Lines Poem by Samuel Alfred Beadle

Lines



Suggested by the Assaults made on the Negro Soldiers as they passed through the south on their way to and from our war with Spain.

How I love my country you have heard,
And I would you were noble and free
In spirit and deed, as in word,
And your boasted humanity.
I love you, my country, I do, -
Here's a heart, a soul that is thine,
Pregnant with devotion for you,
And blind to your faults as to mine.


The standard of morals is high;
When fixed by my brother for me,
It goes towering up to the sky
With a dazzling purity.
For a bench he sits on a skull,
And is a judge austere and stern,
With whom my demurrers are null,
And my pleadings, though just, are spurned.

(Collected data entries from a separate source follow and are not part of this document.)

(* Let $q$ be a prime power and use the setting of the context. Then $\mathcal C=\bigcup_{i=0}^{q^2+q}\mathcal G_i$ is a $(6,(q^3-1)(q^2+q+1),4;3)_q$ constant-dimension subspace code; that is, it consists of $(q^3-1)(q^2+q+1)$ planes of ${\rm PG}(5,q)$, any two distinct of which meet in at most one point.
   Context: In ${\rm PG}(5,q)$ points are row vectors ${\bf X}=(X_1,\dots,X_6)$; write $X=(X_1,X_2,X_3)$, $Y=(X_4,X_5,X_6)$. Let $\pi_1$ be the plane $X_1=X_2=X_3=0$ and $\pi_2$ the plane $X_4=X_5=X_6=0$. Let $A$ be a Singer cycle of ${\rm GL}(3,q)$, i.e. a $3\times3$ matrix over ${\rm GF}(q)$ of multiplicative order $q^3-1$. For $0\le i\le q^2+q$ let $\mathcal Q_i$ be the quadric of ${\rm PG}(5,q)$ with quadratic form ${\bf Q}_i({\bf X})=XA^iY^T$; each $\mathcal Q_i$ is a non-degenerate hyperbolic quadric $\mathcal Q^+(5,q)$ containing $\pi_1$ and $\pi_2$, and the $\mathcal Q_i$ are pairwise distinct. The planes on $\mathcal Q^+(5,q)$ fall into two classes of size $(q+1)(q^2+1)$ (two planes of the same class meet in exactly one point; planes of different classes are disjoint or meet in a line); since $\pi_1\cap\pi_2=\emptyset$, $\pi_1$ and $\pi_2$ lie in different classes. Let $\mathcal G_i$ be the set of the $q^3-1$ planes of $\mathcal Q_i$ belonging to the same class as $\pi_1$, distinct from $\pi_1$ and disjoint from $\pi_2$. An $(n,M,4;3)_q$ constant-dimension code is a set of $M$ planes of ${\rm PG}(n-1,q)$ pairwise meeting in at most a point. *)

theory Defs
  imports "HOL-Analysis.Analysis" "HOL-Library.Numeral_Type"
begin

text \<open>Coordinates X_1..X_6 are the indices 0..5 of type 6. Projective subspaces of
 PG(5,q) are identified with vector subspaces of GF(q)^6; a plane of PG(5,q)
 is a 3-dimensional subspace, a point a 1-dimensional one.\<close>

primrec matpow :: "('a::semiring_1)^'n^'n \<Rightarrow> nat \<Rightarrow> 'a^'n^'n" where
  "matpow A 0 = mat 1"
| "matpow A (Suc k) = A ** matpow A k"

definition singer_cycle :: "('a::{field,finite})^3^3 \<Rightarrow> bool" where
  "singer_cycle A \<longleftrightarrow> invertible A \<and>
     matpow A (CARD('a)^3 - 1) = mat 1 \<and>
     (\<forall>k. 0 < k \<and> k < CARD('a)^3 - 1 \<longrightarrow> matpow A k \<noteq> mat 1)"

definition idxX :: "3 \<Rightarrow> 6" where
  "idxX j = (if j = 0 then 0 else if j = 1 then 1 else 2)"

definition idxY :: "3 \<Rightarrow> 6" where
  "idxY j = (if j = 0 then 3 else if j = 1 then 4 else 5)"

definition vecX :: "'a^6 \<Rightarrow> 'a^3" where "vecX v = (\<chi> j. v $ idxX j)"
definition vecY :: "'a^6 \<Rightarrow> 'a^3" where "vecY v = (\<chi> j. v $ idxY j)"

definition quadform :: "('a::field)^3^3 \<Rightarrow> nat \<Rightarrow> 'a^6 \<Rightarrow> 'a" where
  "quadform A i v = (\<Sum>j\<in>UNIV. vecX v $ j * (matpow A i *v vecY v) $ j)"

definition pg_plane :: "(('a::field)^6) set \<Rightarrow> bool" where
  "pg_plane W \<longleftrightarrow> vec.subspace W \<and> vec.dim W = 3"

definition pi1 :: "(('a::field)^6) set" where "pi1 = {v. vecX v = 0}"
definition pi2 :: "(('a::field)^6) set" where "pi2 = {v. vecY v = 0}"

definition quadric_planes :: "('a::field)^3^3 \<Rightarrow> nat \<Rightarrow> ('a^6) set set" where
  "quadric_planes A i = {W. pg_plane W \<and> (\<forall>v\<in>W. quadform A i v = 0)}"

text \<open>Two planes of Q^+(5,q) are in the same class iff they meet in a point or
 coincide (vector dimension of the intersection 1 or 3), and in different classes
 iff they are disjoint or meet in a line (dimension 0 or 2).\<close>
definition same_class :: "(('a::field)^6) set \<Rightarrow> ('a^6) set \<Rightarrow> bool" where
  "same_class U W \<longleftrightarrow> vec.dim (U \<inter> W) = 1 \<or> vec.dim (U \<inter> W) = 3"

definition G :: "('a::field)^3^3 \<Rightarrow> nat \<Rightarrow> ('a^6) set set" where
  "G A i = {W \<in> quadric_planes A i. same_class W pi1 \<and> W \<noteq> pi1 \<and> W \<inter> pi2 = {0}}"

end

theory Submission
  imports Defs
begin

(* A plane of PG(5,q) disjoint from pi_2 is the graph X = M Y of a unique 3x3 matrix M, and it
   lies on Q_i iff X A^i Y^T = Y M^T A^i Y^T vanishes identically, i.e. iff M^T A^i is the
   alternating matrix of the cross product with some x in GF(q)^3.  Its intersection with
   pi_1 = graph 0 is the kernel of M: the line <x> when x <> 0, and pi_1 itself when x = 0.  So
   G_i consists of the q^3 - 1 planes with x <> 0.

   Since A is a Singer cycle, the matrices a + b A + c A^2 form a field of order q^3 whose nonzero
   elements are the powers of A; hence for 0 < k <= q^2 + q every s + t A^k with (s, t) <> 0 is
   invertible.  Two planes with parameters (i, x) <> (j, x'), j <= i, meet in the points whose Y is
   orthogonal to every x cross w - x' cross A^(i-j) w.  These vectors span at least a plane
   (otherwise x cross x' would be a left eigenvector of A^(i-j), or 1 - mu A^(i-j) would be
   singular), so the two planes meet in at most a point.  In particular the planes are pairwise
   distinct, which gives the count. *)

section \<open>Dot and cross products in dimension three\<close>

definition dotp :: "('a::comm_semiring_1)^'n \<Rightarrow> 'a^'n \<Rightarrow> 'a" where
  "dotp x y = (\<Sum>i\<in>UNIV. x $ i * y $ i)"

lemma dotp_0_left [simp]: "dotp 0 x = 0"
  by (simp add: dotp_def)

lemma dotp_0_right [simp]: "dotp x 0 = 0"
  by (simp add: dotp_def)

lemma dotp_commute: "dotp x y = dotp y x"
  by (simp add: dotp_def mult.commute)

lemma dotp_diff_left: "dotp (x - y) z = dotp x z - dotp y (z :: ('a::comm_ring_1)^'n)"
  by (simp add: dotp_def algebra_simps sum_subtractf)

lemma dotp_diff_right: "dotp x (y - z) = dotp x y - dotp x (z :: ('a::comm_ring_1)^'n)"
  by (simp add: dotp_def algebra_simps sum_subtractf)

lemma dotp_scale_left: "dotp (c *s x) y = c * dotp x y"
  by (simp add: dotp_def sum_distrib_left mult.assoc)

lemma dotp_scale_right: "dotp x (c *s y) = c * dotp x y"
  by (simp add: dotp_def sum_distrib_left mult.left_commute)

lemma dotp_matrix_vector: "dotp (M *v x) y = dotp x (transpose M *v y)"
  by (simp add: dotp_def matrix_vector_mult_def transpose_def sum_distrib_left
      sum_distrib_right mult_ac) (rule sum.swap)

lemma dotp_axis: "dotp x (axis i 1) = x $ i"
  by (simp add: dotp_def axis_def if_distrib[of "times _"] cong: if_cong)

lemma dotp_eq_0_imp_eq_0: "(\<And>z. dotp x z = 0) \<Longrightarrow> x = 0"
  by (metis dotp_axis vec_eq_iff zero_index)

lemma dotp_3: "dotp (x::('a::comm_semiring_1)^3) y = x$1 * y$1 + x$2 * y$2 + x$3 * y$3"
  by (simp add: dotp_def sum_3)

lemma vec3_eq_iff: "(x::'a^3) = y \<longleftrightarrow> x$1 = y$1 \<and> x$2 = y$2 \<and> x$3 = y$3"
  by (simp add: vec_eq_iff forall_3)

lemma matrix_vector_mult_3:
  "((M::('a::comm_semiring_1)^3^3) *v x) $ i = M$i$1 * x$1 + M$i$2 * x$2 + M$i$3 * x$3"
  by (simp add: matrix_vector_mult_def sum_3)

lemma matrix_matrix_mult_3:
  "((M::('a::comm_semiring_1)^3^3) ** N) $ i $ j = M$i$1 * N$1$j + M$i$2 * N$2$j + M$i$3 * N$3$j"
  by (simp add: matrix_matrix_mult_def sum_3)

definition cross :: "('a::comm_ring_1)^3 \<Rightarrow> 'a^3 \<Rightarrow> 'a^3" where
  "cross x y = vector [x$2 * y$3 - x$3 * y$2, x$3 * y$1 - x$1 * y$3, x$1 * y$2 - x$2 * y$1]"

lemma cross_nth [simp]:
  "cross x y $ 1 = x$2 * y$3 - x$3 * y$2"
  "cross x y $ 2 = x$3 * y$1 - x$1 * y$3"
  "cross x y $ 3 = x$1 * y$2 - x$2 * y$1"
  by (simp_all add: cross_def)

lemma cross_commute: "cross x y = - cross y x"
  by (simp add: vec3_eq_iff)

lemma dotp_cross_self_right: "dotp y (cross x y) = 0"
  by (simp add: dotp_3 algebra_simps)

lemma dotp_cross_cyclic: "dotp x (cross y z) = dotp z (cross x y)"
  by (simp add: dotp_3 algebra_simps)

lemma cross_cross_left: "cross (cross x y) z = dotp x z *s y - dotp y z *s x"
  by (simp add: vec3_eq_iff dotp_3 algebra_simps)

lemma cross_eq_0_imp_parallel:
  fixes x y :: "('a::field)^3"
  assumes "x \<noteq> 0" "cross x y = 0"
  shows "\<exists>t. y = t *s x"
proof -
  obtain k where k: "x $ k \<noteq> 0" using assms(1) by (auto simp: vec_eq_iff)
  have "y = (y $ k / x $ k) *s x"
    using assms(2) k exhaust_3[of k] by (auto simp: vec3_eq_iff field_simps)
  then show ?thesis by blast
qed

I've carried your flag to the front
Through pestilence, battles and storms;
Of the carnage of war took the blunt,
Obeyed your command, 'Carry arms!'
And gone with you down to the death,
With the thorns of caste on my head;
Defended your home and your hearth,
And wept o'er the bier of your dead.


As the smoke of the fight goes by,
And the bugle calls to repose,
By my countryman's hands I die,
As well as by the hands of its foes;
Yet I love you, my country, I do,
Here's a heart, a soul that is thine,
Pregnant with devotion for you,
And blind to your faults as to mine.